I want to drink less, so I bought my first carton.
by Jas Gray
I was a late bloomer. I didn’t start drinking until I was 22. Amongst my circle of friends and family, the weird thing wasn’t that I started so late, but that I started at all.
This sober expectation took a while for me to shake off. Up until early last year, I was still conscious of how much I was drinking around certain people. This resulted in some of my mates labelling me a ‘sneaky drunk’, because I’d down a couple while they weren’t watching. Pretty funny. And sad.
Though I think I’m still reluctant to own the fact that I drink on a very subconscious level, I’ve progressed from it being about the title of a drinker to the health implications. I’m growing in my love of everything that’s good for me, mainly raw organic foods and movement like hot yoga. Beer doesn’t really fit into either of those categories, so my brain has had to find a way around it…
I’ve never bought a carton. Though I’ve drunk fairly regularly for the past few years, I’ve never purchased more than 1 bottle of wine or a 6-pack. I will quite happily go to a bottle-o 3 nights in a row and buy the same thing, rather than do what is quicker, easier and cheaper. If I drink more, it will be individual drinks when out.

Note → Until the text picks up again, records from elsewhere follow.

theorem reversal_functional_max:
  defines "M \<equiv> of_bool (lost_sets n D D' \<noteq> {} \<and> lost_sets n D' D \<noteq> {})"
  shows "reversal_functional n D D' a b (char_imset n D2) \<le> M"
    and "reversal_functional n D D' a b (char_imset n D2) = M \<Longrightarrow>
      imset_support n D2 = imset_support n D \<or> imset_support n D2 = imset_support n D'"
proof -
  interpret rev: reversal_between n D' D b a D2
    by (rule reversal_between_sym)
  have negative: "- real (card (L \<inter> imset_support n D2)) < 0"
    if "L \<inter> imset_support n D2 \<noteq> {}" "finite L" for L
    using that by (simp add: card_gt_0_iff)
  consider (lost) "lost_sets n D D' \<inter> imset_support n D2 \<noteq> {}"
    | (gained) "lost_sets n D' D \<inter> imset_support n D2 \<noteq> {}"
    | (neither) "lost_sets n D D' \<inter> imset_support n D2 = {}"
        "lost_sets n D' D \<inter> imset_support n D2 = {}"
    by blast
  then have "reversal_functional n D D' a b (char_imset n D2) \<le> M \<and>
      (reversal_functional n D D' a b (char_imset n D2) = M \<longrightarrow>
        imset_support n D2 = imset_support n D \<or> imset_support n D2 = imset_support n D')"
  proof cases
    case lost
    then show ?thesis
      using reversal_functional_if_lost[OF lost] negative[OF lost finite_lost_sets]
      by (auto simp: M_def)
  next
    case gained
    then show ?thesis
      using rev.reversal_functional_if_lost[OF gained] negative[OF gained finite_lost_sets]
        reversal_functional_sym[of n D D' a b]
      by (auto simp: M_def)
  next
    case neither
    moreover have "imset_support n D2 = imset_support n D \<inter> imset_support n D'"
      using neither common_subset subset_union by (auto simp: lost_sets_def)
    ultimately show ?thesis
      using reversal_functional_if_neither[OF neither]
      by (auto simp: M_def lost_sets_def)
  qed
  then show "reversal_functional n D D' a b (char_imset n D2) \<le> M"
    and "reversal_functional n D D' a b (char_imset n D2) = M \<Longrightarrow>
      imset_support n D2 = imset_support n D \<or> imset_support n D2 = imset_support n D'"
    by blast+
qed

end

context arc_reversal
begin

lemma reversal_functional_self:
  "reversal_functional n D D' a b (char_imset n D) =
    of_bool (lost_sets n D D' \<noteq> {} \<and> lost_sets n D' D \<noteq> {})"
proof -
  interpret reversal_between n D D' a b D
    using dag by (intro reversal_betweenI) auto
  have "lost_sets n D' D \<inter> imset_support n D = {}"
    by (auto simp: lost_sets_def)
  moreover have "lost_sets n D D' \<inter> imset_support n D = lost_sets n D D'"
    by (auto simp: lost_sets_def)
  ultimately show ?thesis
    using reversal_functional_if_lost reversal_functional_if_neither
    by (cases "lost_sets n D D' = {}") auto
qed

lemma reversal_functional_reversed:
  "reversal_functional n D D' a b (char_imset n D') =
    of_bool (lost_sets n D D' \<noteq> {} \<and> lost_sets n D' D \<noteq> {})"
proof -
  interpret rev: arc_reversal n D' D b a
    by (rule arc_reversal_sym)
  show ?thesis
    using rev.reversal_functional_self reversal_functional_sym[of n D D' a b] by auto
qed

theorem reversal_edge_face:
  "convex hull {char_imset n D, char_imset n D'} face_of CIM n (skeleton D)"
proof -
  define W where "W = char_imset n ` {D2. is_dag n D2 \<and> skeleton D2 = skeleton D}"
  define W0 where "W0 = {w\<in>W. Poly_Mapping.keys (char_imset n D) \<inter> Poly_Mapping.keys (char_imset n D')
      \<subseteq> Poly_Mapping.keys w \<and> Poly_Mapping.keys w
      \<subseteq> Poly_Mapping.keys (char_imset n D) \<union> Poly_Mapping.keys (char_imset n D')}"
  define M :: real where "M = of_bool (lost_sets n D D' \<noteq> {} \<and> lost_sets n D' D \<noteq> {})"
  have W: "finite W"
    using finite_dags_with_skeleton by (simp add: W_def)
  have face0: "convex hull W0 face_of convex hull W"
    unfolding W0_def using W
    by (rule face_of_convex_hull_zero_one_between) (auto simp: W_def lookup_char_imset)
  have max_W0: "reversal_functional n D D' a b w \<le> M \<and>
      (reversal_functional n D D' a b w = M \<longrightarrow> w \<in> {char_imset n D, char_imset n D'})"
    if "w \<in> W0" for w
  proof -
    obtain D2 where D2: "is_dag n D2" "skeleton D2 = skeleton D" "w = char_imset n D2"
      using \<open>w \<in> W0\<close> by (auto simp: W0_def W_def)
    then interpret reversal_between n D D' a b D2
      using \<open>w \<in> W0\<close> by (intro reversal_betweenI) (auto simp: W0_def keys_char_imset)
    show ?thesis
      using reversal_functional_max D2(3) by (auto simp: M_def char_imset_eq_iff)
  qed
  have ends: "char_imset n D \<in> W0" "char_imset n D' \<in> W0"
    using dag dag' skeleton_reversed by (auto simp: W0_def W_def)
  have "reversal_functional n D D' a b (char_imset n D) = M"
    "reversal_functional n D D' a b (char_imset n D') = M"
    using reversal_functional_self reversal_functional_reversed by (simp_all add: M_def)
  then have "{w\<in>W0. reversal_functional n D D' a b w = M} = {char_imset n D, char_imset n D'}"
    using max_W0 ends by blast
  moreover have "convex hull {w\<in>W0. reversal_functional n D D' a b w = M} face_of convex hull W0"
    using W max_W0 by (intro face_of_convex_hull_linear_max linear_reversal_functional) (auto simp: W0_def)
  ultimately show ?thesis
    using face_of_trans face0 by (fastforce simp: CIM_def W_def)
qed

end

section \<open>Sequences of reversals\<close>

lemma rtrancl_leaves_subset:
  assumes "(x, y) \<in> R\<^sup>*"
  shows "(x, y) \<in> S\<^sup>* \<or> (\<exists>p q. (p, q) \<in> R - S \<and> (x, p) \<in> R\<^sup>* \<and> (q, y) \<in> R\<^sup>*)"
  using assms
proof (induction rule: rtrancl_induct)
  case (step y z)
  then show ?case
    by (cases "(y, z) \<in> S") (blast intro: rtrancl_into_rtrancl)+
qed simp

definition path_interval :: "('a \<times> 'a) set \<Rightarrow> 'a \<Rightarrow> 'a \<Rightarrow> 'a set" where
  "path_interval D x y = {z. (x, z) \<in> D\<^sup>* \<and> (z, y) \<in> D\<^sup>*}"

lemma finite_path_interval:
  assumes "finite D"
  shows "finite (path_interval D x y)"
proof (rule finite_subset)
  have "z \<in> insert x (snd ` D)" if "(x, z) \<in> D\<^sup>*" for z
    using that by (cases rule: rtranclE) force+
  then show "path_interval D x y \<subseteq> insert x (snd ` D)"
    by (auto simp: path_interval_def)
qed (use assms in simp)

lemma path_interval_psubset:
  assumes "acyclic D" "(a, p) \<in> D\<^sup>*" "(p, q) \<in> D\<^sup>*" "(q, b) \<in> D\<^sup>*" "(p, q) \<noteq> (a, b)"
  shows "path_interval D p q \<subset> path_interval D a b"
proof -
  have sub: "path_interval D p q \<subseteq> path_interval D a b"
    using assms(2,4) by (auto simp: path_interval_def intro: rtrancl_trans)
  have ends: "a \<in> path_interval D a b" "b \<in> path_interval D a b"
    using assms(2-4) by (auto simp: path_interval_def intro: rtrancl_trans)
  have "a \<notin> path_interval D p q \<or> b \<notin> path_interval D p q"
    using assms acyclic_impl_antisym_rtrancl[OF assms(1)]
    by (auto simp: path_interval_def antisym_def)
  then show ?thesis
    using sub ends by blast
qed

lemma is_dag_reverse_arc:
  assumes "is_dag n D" "(a, b) \<in> D" "(a, b) \<notin> (D - {(a, b)})\<^sup>*"
  shows "is_dag n (reverse_arc a b D)"
proof -
  have "acyclic (reverse_arc a b D)"
    using assms acyclic_subset[of D "D - {(a, b)}"] by (auto simp: is_dag_def reverse_arc_def)
  moreover have "reverse_arc a b D \<subseteq> {1..n} \<times> {1..n}"
    using assms(1,2) by (auto simp: is_dag_def reverse_arc_def)
  ultimately show ?thesis
    by (simp add: is_dag_def)
qed

text \<open>
  Reverse an arc (a, b) of D1 - D2 with the smallest path interval: since b \<rightarrow> a in D2, any
  other path from a to b in D1 uses an arc of D1 - D2, whose path interval is strictly smaller.
\<close>
lemma exists_reversible_arc:
  assumes D1: "is_dag n D1" and D2: "is_dag n D2" and skel: "skeleton D1 = skeleton D2"
    and ne: "D1 - D2 \<noteq> {}"
  shows "\<exists>a b. (a, b) \<in> D1 - D2 \<and> is_dag n (reverse_arc a b D1)"
proof -
  obtain e where "e \<in> D1 - D2"
    using ne by blast
  then obtain a b where ab: "(a, b) \<in> D1 - D2"
    and min: "\<And>p q. (p, q) \<in> D1 - D2 \<Longrightarrow> card (path_interval D1 a b) \<le> card (path_interval D1 p q)"
    using ex_has_least_nat[of "\<lambda>e. e \<in> D1 - D2" e "\<lambda>(p, q). card (path_interval D1 p q)"]
    by fastforce
  have acyclic1: "acyclic D1" and acyclic2: "acyclic D2"
    using D1 D2 by (auto simp: is_dag_def)
  have "(b, a) \<in> D2"
    using arc_of_same_skeleton[OF skel, of a b] ab by auto
  have "(a, b) \<notin> (D1 - {(a, b)})\<^sup>*"
  proof
    assume "(a, b) \<in> (D1 - {(a, b)})\<^sup>*"
    then consider "(a, b) \<in> D2\<^sup>*"
      | p q where "(p, q) \<in> D1 - {(a, b)} - D2" "(a, p) \<in> D1\<^sup>*" "(q, b) \<in> D1\<^sup>*"
      using rtrancl_leaves_subset[of a b "D1 - {(a, b)}" D2] rtrancl_mono[of "D1 - {(a, b)}" D1]
      by blast
    then show False
    proof cases
      case 1
      then have "(a, a) \<in> D2\<^sup>+"
        using \<open>(b, a) \<in> D2\<close> by (meson rtrancl_into_trancl1)
      then show False
        using acyclic2 by (auto simp: acyclic_def)
    next
      case 2
      then have "path_interval D1 p q \<subset> path_interval D1 a b"
        by (intro path_interval_psubset acyclic1) auto
      then have "card (path_interval D1 p q) < card (path_interval D1 a b)"
        using finite_path_interval[OF finite_dag[OF D1]] by (rule psubset_card_mono[rotated])
      then show False
        using min[of p q] 2 by auto
    qed
  qed
  then show ?thesis
    using is_dag_reverse_arc[OF D1] ab by blast
qed

lemma reversal_walk:
  assumes "is_dag n D1" "is_dag n D2" "skeleton D1 = skeleton D2"
  shows "\<exists>p. successively (poly_adjacent (CIM n (skeleton D2))) p \<and> p \<noteq> []
    \<and> hd p = char_imset n D1 \<and> last p = char_imset n D2 \<and> length p \<le> Suc (card (D1 - D2))"
  using assms
proof (induction "card (D1 - D2)" arbitrary: D1 rule: less_induct)
  case less
  show ?case
  proof (cases "D1 - D2 = {}")
    case True
    then have "D1 = D2"
      using dag_eq_if_subset less.prems by blast
    then show ?thesis
      by (intro exI[of _ "[char_imset n D2]"]) auto
  next
    case False
    then obtain a b where ab: "(a, b) \<in> D1 - D2" and dag': "is_dag n (reverse_arc a b D1)"
      using exists_reversible_arc less.prems by blast
    interpret arc_reversal n D1 "reverse_arc a b D1" a b
      using less.prems(1) dag' ab by unfold_locales auto
    have "(b, a) \<in> D2"
      using arc_of_same_skeleton[OF less.prems(3), of a b] ab by auto
    then have "reverse_arc a b D1 - D2 = (D1 - D2) - {(a, b)}"
      by (auto simp: reverse_arc_def)
    then have smaller: "card (reverse_arc a b D1 - D2) < card (D1 - D2)"
      using ab finite_dag[OF less.prems(1)] by (simp add: card_Diff1_less del: card_Diff_insert)
    obtain p where p: "successively (poly_adjacent (CIM n (skeleton D2))) p" "p \<noteq> []"
      "hd p = char_imset n (reverse_arc a b D1)" "last p = char_imset n D2"
      "length p \<le> Suc (card (reverse_arc a b D1 - D2))"
      using less.hyps[OF smaller dag' less.prems(2)] skeleton_reversed less.prems(3) by auto
    show ?thesis
    proof (cases "char_imset n D1 = char_imset n (reverse_arc a b D1)")
      case True
      then show ?thesis
        using p smaller by (intro exI[of _ p]) auto
    next
      case False
      then have "poly_adjacent (CIM n (skeleton D2)) (char_imset n D1) (hd p)"
        using reversal_edge_face less.prems(3) p(3) by (auto intro: poly_adjacentI)
      then show ?thesis
        using p smaller by (intro exI[of _ "char_imset n D1 # p"]) (auto simp: successively_Cons)
    qed
  qed
qed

Buy small amounts so I’m never confronted with how much I actually drink – is this my brain’s solution to helping me get away with drinking and maintaining my self-image of being healthy? Sounds like a pretty smart trick to me.

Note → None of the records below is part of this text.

lemma Legendre_4: "Legendre 4 (int q) = 1"
proof -
  have "odd (int q)"
    using prime_q q_gt_2 prime_odd_nat by auto
  then show ?thesis
    using Legendre_mult[of 2 2] Legendre_2 chi8_square[of "int q"] by simp
qed

lemma Legendre_8: "Legendre 8 (int q) = chi8 (int q)"
  using Legendre_mult[of 2 4] Legendre_2 Legendre_4 by simp

lemma exists_Legendre_eq_neg1: "\<exists>a. Legendre a (int q) = -1"
proof -
  obtain g where "residue_primroot q g"
    using prime_primitive_root_exists[of q] prime_q prime_gt_1_nat by blast
  then have "coprime q g" and ord: "ord q g = q - 1"
    by (simp_all add: residue_primroot_def totient_prime[OF prime_q])
  let ?h = "(q - 1) div 2"
  have "\<not> [g ^ ?h = 1] (mod q)"
  proof
    assume "[g ^ ?h = 1] (mod q)"
    then have "q - 1 dvd ?h" using ord ord_divides by metis
    moreover have "0 < ?h" "?h < q - 1" using q_gt_2 by auto
    ultimately show False by (simp add: nat_dvd_not_less)
  qed
  then have "\<not> [int g ^ ?h = 1] (mod int q)"
    by (metis cong_int_iff of_nat_1 of_nat_power)
  moreover have "[Legendre (int g) (int q) = int g ^ ?h] (mod int q)"
    using euler_criterion prime_q q_gt_2 by blast
  moreover have "\<not> int q dvd int g"
    using \<open>coprime q g\<close> prime_q by (metis coprime_absorb_left int_dvd_int_iff not_prime_unit)
  ultimately have "Legendre (int g) (int q) = -1"
    using Legendre_cases[of "int g" "int q"] Legendre_eq_0_iff by (metis cong_sym)
  then show ?thesis ..
qed

lemma Legendre_reciprocity:
  assumes "prime r" "r > 2" "q \<noteq> r"
  shows "Legendre (int r) (int q) =
           (if q mod 4 = 3 \<and> r mod 4 = 3 then -1 else 1) * Legendre (int q) (int r)"
proof -
  have "Legendre (int q) (int r) * Legendre (int r) (int q) =
          (-1::int) ^ ((q - 1) div 2 * ((r - 1) div 2))"
    using Quadratic_Reciprocity assms prime_q q_gt_2 by blast
  moreover have "(-1::int) ^ ((q - 1) div 2 * ((r - 1) div 2)) =
                   (if q mod 4 = 3 \<and> r mod 4 = 3 then -1 else 1)"
  proof -
    have "odd q" "odd r" using assms prime_q q_gt_2 prime_odd_nat by auto
    then have "even ((q - 1) div 2 * ((r - 1) div 2)) \<longleftrightarrow> \<not> (q mod 4 = 3 \<and> r mod 4 = 3)"
      by (simp add: even_mult_iff) presburger
    then show ?thesis by (auto simp: neg_one_even_power neg_one_odd_power)
  qed
  moreover have "Legendre (int q) (int r) \<in> {1, -1}"
    using Legendre_cases[of "int q" "int r"] Legendre_eq_0_iff[of "int q" "int r"] assms
    by (metis insertCI int_dvd_int_iff prime_q primes_dvd_imp_eq)
  ultimately show ?thesis by auto
qed

end

definition odd_prime_set :: "nat set \<Rightarrow> bool" where
  "odd_prime_set P \<longleftrightarrow> finite P \<and> (\<forall>r\<in>P. prime r \<and> r > 2)"

definition jacobi :: "nat set \<Rightarrow> int \<Rightarrow> int" where
  "jacobi P n = (\<Prod>r\<in>P. Legendre n (int r))"

lemma odd_prime_set_prime_factors:
  assumes "odd n"
  shows "odd_prime_set (prime_factors n)"
proof -
  have "r > 2" if "r \<in> prime_factors n" for r
  proof -
    from that have "prime r" "r dvd n" by auto
    with assms have "r \<noteq> 2" by auto
    with \<open>prime r\<close> show ?thesis using prime_ge_2_nat[of r] by linarith
  qed
  then show ?thesis unfolding odd_prime_set_def by auto
qed

context
  fixes P :: "nat set"
  assumes P: "odd_prime_set P"
begin

lemma jacobi_mult: "jacobi P (a * b) = jacobi P a * jacobi P b"
  unfolding jacobi_def prod.distrib[symmetric]
  using P unfolding odd_prime_set_def by (intro prod.cong refl Legendre_mult) auto

lemma jacobi_1 [simp]: "jacobi P 1 = 1"
  unfolding jacobi_def using P unfolding odd_prime_set_def
  by (intro prod.neutral ballI Legendre_1) auto

lemma jacobi_cong:
  assumes "[a = b] (mod int (\<Prod>P))"
  shows "jacobi P a = jacobi P b"
  unfolding jacobi_def
proof (rule prod.cong[OF refl])
  fix r assume "r \<in> P"
  then have "int r dvd int (\<Prod>P)"
    using P unfolding odd_prime_set_def by (simp add: dvd_prodI)
  then show "Legendre a (int r) = Legendre b (int r)"
    using assms by (intro Legendre_cong) (rule cong_dvd_modulus)
qed

lemma jacobi_eq_0: "q \<in> P \<Longrightarrow> jacobi P (int q) = 0"
  using P unfolding jacobi_def odd_prime_set_def by (metis Legendre_eq_0_iff dvd_refl prod_zero)

lemma jacobi_2: "jacobi P 2 = chi8 (int (\<Prod>P))"
proof -
  have "jacobi P 2 = (\<Prod>r\<in>P. chi8 (int r))"
    unfolding jacobi_def using P unfolding odd_prime_set_def by (intro prod.cong refl Legendre_2) auto
  also have "\<dots> = chi8 (\<Prod>r\<in>P. int r)"
    by (induction P rule: infinite_finite_induct) (simp_all add: chi8_mult)
  finally show ?thesis by simp
qed

end

lemma Legendre_prod_reciprocity:
  assumes "odd_prime_set P" "prime q" "q > 2" "q \<notin> P"
  shows "Legendre (int (\<Prod>P)) (int q) =
           (if q mod 4 = 3 then chi4 (int (\<Prod>P)) else 1) * jacobi P (int q)"
  using assms(1,4)
proof (induction P rule: infinite_finite_induct)
  case (insert r P)
  then have r: "prime r" "r > 2" "q \<noteq> r" and P: "odd_prime_set P" "q \<notin> P"
    unfolding odd_prime_set_def by auto
  have "Legendre (int (\<Prod>(insert r P))) (int q) =
          Legendre (int r) (int q) * Legendre (int (\<Prod>P)) (int q)"
    using insert.hyps assms(2,3) by (simp add: Legendre_mult)
  also have "\<dots> = (if q mod 4 = 3 \<and> r mod 4 = 3 then -1 else 1) * Legendre (int q) (int r) *
                    ((if q mod 4 = 3 then chi4 (int (\<Prod>P)) else 1) * jacobi P (int q))"
    using Legendre_reciprocity[OF assms(2,3) r] insert.IH[OF P] by simp
  also have "\<dots> = (if q mod 4 = 3 then chi4 (int (\<Prod>(insert r P))) else 1) *
                    jacobi (insert r P) (int q)"
  proof -
    have "chi4 (int (\<Prod>(insert r P))) = chi4 (int r) * chi4 (int (\<Prod>P))"
      by (simp only: prod.insert[OF insert.hyps] of_nat_mult chi4_mult)
    moreover have "chi4 (int r) = (if r mod 4 = 3 then -1 else 1)"
    proof -
      have "int r mod 4 = int (r mod 4)"
        by (simp add: of_nat_mod)
      then show ?thesis
        using chi4_odd[of "int r"] prime_odd_nat[OF r(1,2)] by auto
    qed
    moreover have "jacobi (insert r P) (int q) = Legendre (int q) (int r) * jacobi P (int q)"
      unfolding jacobi_def by (rule prod.insert[OF insert.hyps])
    ultimately show ?thesis by simp
  qed
  finally show ?case .
qed (use assms(2) in \<open>auto simp: jacobi_def odd_prime_set_def intro!: Legendre_1\<close>)

section \<open>The Kronecker symbol of a real quadratic field\<close>

lemma kronecker_eq_multiplicative:
  fixes \<psi> :: "int \<Rightarrow> int"
  assumes mult: "\<And>a b. \<psi> (a * b) = \<psi> a * \<psi> b" and one: "\<psi> 1 = 1"
    and primes: "\<And>q. prime q \<Longrightarrow> kron_prime d q = \<psi> (int q)"
    and "n > 0"
  shows "kronecker d n = \<psi> n"
proof -
  have power: "\<psi> (x ^ k) = \<psi> x ^ k" for x k
    by (induction k) (simp_all add: mult one)
  have prod: "\<psi> (\<Prod>i\<in>S. g i) = (\<Prod>i\<in>S. \<psi> (g i))" for S and g :: "nat \<Rightarrow> int"
    by (induction S rule: infinite_finite_induct) (simp_all add: mult one)
  define N where "N = nat n"
  have "kronecker d n = (\<Prod>q\<in>prime_factors N. kron_prime d q ^ multiplicity q N)"
    unfolding kronecker_def N_def using \<open>n > 0\<close> by simp
  also have "\<dots> = (\<Prod>q\<in>prime_factors N. \<psi> (int q ^ multiplicity q N))"
    by (intro prod.cong refl) (simp add: primes power in_prime_factors_imp_prime)
  also have "\<dots> = \<psi> (\<Prod>q\<in>prime_factors N. int q ^ multiplicity q N)"
    by (simp add: prod)
  also have "(\<Prod>q\<in>prime_factors N. int q ^ multiplicity q N) = int (\<Prod>q\<in>prime_factors N. q ^ multiplicity q N)"
    by simp
  also have "\<dots> = n"
    using prime_factorization_nat[of N] \<open>n > 0\<close> unfolding N_def by simp
  finally show ?thesis .
qed

lemma prime_coprime_prod_primes:
  assumes "prime (r :: nat)" "\<And>q. q \<in> Q \<Longrightarrow> prime q" "r \<notin> Q"
  shows "coprime r (\<Prod>Q)"
proof (cases "finite Q")
  case True
  have "\<not> r dvd \<Prod>Q"
  proof
    assume "r dvd \<Prod>Q"
    then obtain q where "q \<in> Q" "r dvd q"
      using True assms(1) prime_dvd_prod_iff[of Q r "\<lambda>x. x"] by auto
    with assms show False
      using primes_dvd_imp_eq by blast
  qed
  with assms(1) show ?thesis
    by (simp add: prime_imp_coprime)
qed simp

lemma exists_twisted_jacobi_eq_neg1:
  assumes P: "odd_prime_set P" "P \<noteq> {}" and coprime: "coprime e (int (\<Prod>P))"
    and A_one: "A 1 = 1" and A_cong: "\<And>a b. [a = b] (mod e) \<Longrightarrow> A a = A b"
  shows "\<exists>a. coprime a (e * int (\<Prod>P)) \<and> A a * jacobi P a = -1"
proof -
  obtain r where r: "r \<in> P" using P(2) by blast
  with P(1) have fin: "finite P" and "prime r" "r > 2"
    unfolding odd_prime_set_def by auto
  obtain n where n: "Legendre n (int r) = -1"
    using exists_Legendre_eq_neg1[OF \<open>prime r\<close> \<open>r > 2\<close>] by blast
  define Q where "Q = P - {r}"
  have Q: "odd_prime_set Q"
    using P(1) unfolding Q_def odd_prime_set_def by auto
  have prod_P: "\<Prod>P = r * \<Prod>Q"
    using fin r unfolding Q_def by (simp add: prod.remove)
  have "coprime r (\<Prod>Q)"
    using P(1) \<open>prime r\<close> unfolding Q_def odd_prime_set_def by (intro prime_coprime_prod_primes) auto
  then have "coprime (int r) (int (\<Prod>Q))"
    by (simp only: coprime_int_iff)
  moreover have "coprime (int r) e"
    using coprime unfolding prod_P by (simp add: coprime_commute)
  ultimately have "coprime (int r) (e * int (\<Prod>Q))"
    by simp
  \<comment> \<open>\<open>a\<close> is a non-residue modulo \<open>r\<close> but trivial for \<open>A\<close> and the remaining Legendre symbols.\<close>
  then obtain a where a_r: "[a = n] (mod int r)" and a_1: "[a = 1] (mod e * int (\<Prod>Q))"
    using binary_chinese_remainder_int[of "int r" "e * int (\<Prod>Q)" n 1] by blast
  have "A a = 1"
    using A_cong[OF cong_dvd_modulus[OF a_1]] A_one by simp
  moreover have "jacobi P a = Legendre a (int r) * jacobi Q a"
    using fin r unfolding jacobi_def Q_def by (simp add: prod.remove)
  moreover have "jacobi Q a = 1"
    using jacobi_cong[OF Q cong_dvd_modulus[OF a_1]] jacobi_1[OF Q] by simp
  moreover have "Legendre a (int r) = -1"
    using Legendre_cong[OF a_r] n by simp
  moreover have "coprime a (e * int (\<Prod>P))"
  proof -
    have "\<not> int r dvd a"
      using \<open>Legendre a (int r) = -1\<close> Legendre_eq_0_iff[of a "int r"] by simp
    moreover have "prime (int r)"
      using \<open>prime r\<close> by simp
    ultimately have "coprime a (int r)"
      using prime_imp_coprime coprime_commute by blast
    moreover have "coprime a (e * int (\<Prod>Q))"
      using cong_imp_coprime[OF cong_sym[OF a_1]] by simp
    ultimately show ?thesis
      unfolding prod_P by (simp add: ac_simps)
  qed
  ultimately show ?thesis by auto
qed

lemma real_character_twisted_jacobi:
  assumes P: "odd_prime_set P" and modulus: "e * int (\<Prod>P) > 1"
    and coprime: "coprime e (int (\<Prod>P))"
    and A_mult: "\<And>a b. A (a * b) = A a * A b" and A_one: "A 1 = 1"
    and A_cong: "\<And>a b. [a = b] (mod e) \<Longrightarrow> A a = A b"
    and nonprincipal: "P \<noteq> {} \<or> (\<exists>a. coprime a e \<and> A a = -1)"
  shows "real_character (e * int (\<Prod>P)) (\<lambda>n. A n * jacobi P n)"
proof
  show "A (a * b) * jacobi P (a * b) = A a * jacobi P a * (A b * jacobi P b)" for a b
    using A_mult jacobi_mult[OF P] by simp
  show "A 1 * jacobi P 1 = 1"
    using A_one jacobi_1[OF P] by simp
  show "A (a mod (e * int (\<Prod>P))) * jacobi P (a mod (e * int (\<Prod>P))) = A a * jacobi P a" for a
  proof -
    have "e dvd e * int (\<Prod>P)" "int (\<Prod>P) dvd e * int (\<Prod>P)"
      by (rule dvd_triv_left, rule dvd_triv_right)
    then have "[a mod (e * int (\<Prod>P)) = a] (mod e)" "[a mod (e * int (\<Prod>P)) = a] (mod int (\<Prod>P))"
      unfolding cong_def by (simp_all add: mod_mod_cancel)
    then show ?thesis
      using A_cong jacobi_cong[OF P] by metis
  qed
  show "\<exists>a. coprime a (e * int (\<Prod>P)) \<and> A a * jacobi P a = -1"
  proof (cases "P = {}")
    case True
    then show ?thesis using nonprincipal by (simp add: jacobi_def)
  next
    case False
    then show ?thesis
      using exists_twisted_jacobi_eq_neg1 P coprime A_one A_cong by blast
  qed
qed (fact modulus)

lemma prod_prime_factors_squarefree:
  assumes "(n :: nat) > 0" "squarefree n"
  shows "\<Prod>(prime_factors n) = n"
proof -
  have "n = (\<Prod>p\<in>prime_factors n. p ^ multiplicity p n)"
    using prime_factorization_nat assms(1) by blast
  also have "\<dots> = \<Prod>(prime_factors n)"
    using assms squarefree_factorial_semiring'[of n] by (intro prod.cong) auto
  finally show ?thesis by simp
qed

lemma squarefree_nat:
  assumes "squarefree (m :: int)" "m > 0"
  shows "squarefree (nat m)"
proof (rule squarefreeI)
  fix x :: nat assume "x\<^sup>2 dvd nat m"
  then have "int (x\<^sup>2) dvd int (nat m)"
    by (simp only: of_nat_dvd_iff)
  with assms(2) have "int x ^ 2 dvd m"
    by simp
  with assms(1) have "is_unit (int x)"
    by (rule squarefreeD)
  then show "is_unit x"
    by simp
qed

So I’m attempting to trick myself back. By buying a carton. (All-be-it a very natural beer that’s brewed 50kms away lol.) Even though I’m telling myself I don’t want to drink as much any more, I think I’ve also been telling myself I’m a healthy, hardly-ever-drink kind of guy. Which has been giving me permission to drink as much as I want. But now I have 24 beers sitting in my kitchen, reminding me that I don’t just live off fruit and veggies, helping me to confront the choices I’m already making.
Reminds me of the first weekend I got back from Africa. I suited up and went gambling. I wanted the culture shock of realising how disgustingly rich I was to hurt. It seems that’s the first stage before real change.
Now to wait and see how long this carton lasts. The ‘use by’ date is 11 months away…perhaps a goal?